Start of Data in this exercise

(* Let $\mathbb N$ be a strongly connected symmetric directed graph on $m$ vertices without self-arcs, with arc matrices $C_{ij}$ (each with $n$ columns) having orthonormal rows (so $C_{ij}C_{ij}'=I$), such that $\bar{\mathbb N}$ is well-configured. Let $d_i=|\mathcal N_i|$. For arbitrary $x_i(0)\in\mathbb R^n$, define for each agent $i$ $$x_i(t+1)=x_i(t)-\frac{1}{2(d_i+1)}\sum_{j\in\mathcal N_i}\big(C_{ij}'C_{ij}+C_{ji}'C_{ji}\big)\big(x_i(t)-x_j(t)\big).$$ Then all $x_i(t)$ converge to a common vector $x^*\in\mathbb R^n$ exponentially fast, i.e. there are constants $c>0$, $\rho\in[0,1)$ with $\|x_i(t)-x^*\|\le c\rho^t$ for all $i,t$.
   Context: A directed graph is symmetric if whenever $(i,j)$ is an arc so is $(j,i)$. $\mathcal N_i$ is the set of neighbors of agent $i$. Each arc $(j,i)$ carries a real matrix $C_{ji}$ with $n$ columns; $'$ denotes transpose. $\bar{\mathbb N}$ is well-configured if for all $x_1,\dots,x_m\in\mathbb R^n$, $C_{ji}x_i=C_{ji}x_j$ for every arc $(j,i)$ implies $x_1=\cdots=x_m$. *)

theory Defs
  imports "Jordan_Normal_Form.Matrix"
begin

text \<open>Agents are the vertices 0..<m; the arc set A is a relation on them.
  An arc (j,i) carries the real matrix C j i. Vectors in R^n are
  elements of carrier_vec n.\<close>

definition neighbors :: "(nat \<times> nat) set \<Rightarrow> nat \<Rightarrow> nat set" where
  "neighbors A i = {j. (j, i) \<in> A}"

definition strongly_connected :: "nat \<Rightarrow> (nat \<times> nat) set \<Rightarrow> bool" where
  "strongly_connected m A \<longleftrightarrow> (\<forall>i<m. \<forall>j<m. (i, j) \<in> A\<^sup>*)"

definition well_configured ::
  "nat \<Rightarrow> nat \<Rightarrow> (nat \<times> nat) set \<Rightarrow> (nat \<Rightarrow> nat \<Rightarrow> real mat) \<Rightarrow> bool" where
  "well_configured m n A C \<longleftrightarrow>
     (\<forall>x :: nat \<Rightarrow> real vec. (\<forall>i<m. x i \<in> carrier_vec n) \<longrightarrow>
        (\<forall>(j, i) \<in> A. C j i *\<^sub>v x i = C j i *\<^sub>v x j) \<longrightarrow>
        (\<forall>i<m. \<forall>j<m. x i = x j))"

definition vnorm :: "real vec \<Rightarrow> real" where
  "vnorm v = sqrt (\<Sum>k<dim_vec v. (v $ k)\<^sup>2)"

end

theory Submission
  imports Defs "HOL-Analysis.Function_Topology" "HOL-Analysis.Convex"
begin

(* With the weights w_i = d_i + 1 the weighted sum of the states is invariant, since the
   coupling matrices M_ij = C_ij' C_ij + C_ji' C_ji are symmetric in i and j; its normalisation
   is the limit x*. For the deviation e from x*, the Lyapunov function V e = sum_i w_i |e_i|^2
   drops in every step by at least Q e / (2 (m + 1)), where Q e is the sum over all arcs of
   |C_ij (e_i - e_j)|^2 + |C_ji (e_i - e_j)|^2; the orthonormal rows of the C_ij control the
   quadratic term of the step. Well-configuredness makes Q positive on every nonzero deviation
   with weighted sum 0, so by compactness of the unit sphere Q >= gamma V there, and V contracts
   geometrically. *)

section \<open>Coordinatewise linear algebra\<close>

(* Vectors of R^n are handled as functions nat => real of which only the first n values matter,
   and configurations of the m agents as functions nat => nat => real, so that they carry the
   product topology used in the compactness argument. *)

definition sqnorm :: "nat \<Rightarrow> (nat \<Rightarrow> real) \<Rightarrow> real" where
  "sqnorm n u = (\<Sum>k<n. (u k)\<^sup>2)"

definition mat_app :: "real mat \<Rightarrow> nat \<Rightarrow> (nat \<Rightarrow> real) \<Rightarrow> nat \<Rightarrow> real" where
  "mat_app D n u r = (\<Sum>k<n. D $$ (r, k) * u k)"

definition mat_tapp :: "real mat \<Rightarrow> (nat \<Rightarrow> real) \<Rightarrow> nat \<Rightarrow> real" where
  "mat_tapp D y k = (\<Sum>r<dim_row D. D $$ (r, k) * y r)"

lemma sqnorm_nonneg: "0 \<le> sqnorm n u"
  by (simp add: sqnorm_def sum_nonneg)

lemma sqnorm_scale: "sqnorm n (\<lambda>k. c * u k) = c\<^sup>2 * sqnorm n u"
  by (simp add: sqnorm_def sum_distrib_left power_mult_distrib)

lemma sqnorm_add_le: "sqnorm n (\<lambda>k. u k + v k) \<le> 2 * sqnorm n u + 2 * sqnorm n v"
proof -
  have "(u k + v k)\<^sup>2 \<le> 2 * (u k)\<^sup>2 + 2 * (v k)\<^sup>2" for k
    using zero_le_power2[of "u k - v k"] by (simp add: power2_eq_square algebra_simps)
  then show ?thesis
    unfolding sqnorm_def by (simp add: sum_distrib_left sum.distrib[symmetric] sum_mono)
qed

lemma sqnorm_sum_le:
  "sqnorm n (\<lambda>k. \<Sum>j\<in>J. u j k) \<le> real (card J) * (\<Sum>j\<in>J. sqnorm n (u j))"
proof -
  have "sqnorm n (\<lambda>k. \<Sum>j\<in>J. u j k) \<le> (\<Sum>k<n. (\<Sum>j\<in>J. (u j k)\<^sup>2) * card J)"
    unfolding sqnorm_def by (intro sum_mono sum_squared_le_sum_of_squares)
  also have "\<dots> = real (card J) * (\<Sum>j\<in>J. sqnorm n (u j))"
    by (simp add: sqnorm_def sum_distrib_left sum_distrib_right mult_ac sum.swap[of _ J])
  finally show ?thesis .
qed

lemma sqnorm_eq_0D: "sqnorm n u = 0 \<Longrightarrow> k < n \<Longrightarrow> u k = 0"
  unfolding sqnorm_def by (subst (asm) sum_nonneg_eq_0_iff) auto

lemma mat_app_diff: "mat_app D n (\<lambda>l. u l - v l) r = mat_app D n u r - mat_app D n v r"
  by (simp add: mat_app_def algebra_simps sum_subtractf)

End of Data in this exercise

The records are given above. Copy each line in them that holds "show".

§ Written response
  then show ?thesis
  finally show ?thesis .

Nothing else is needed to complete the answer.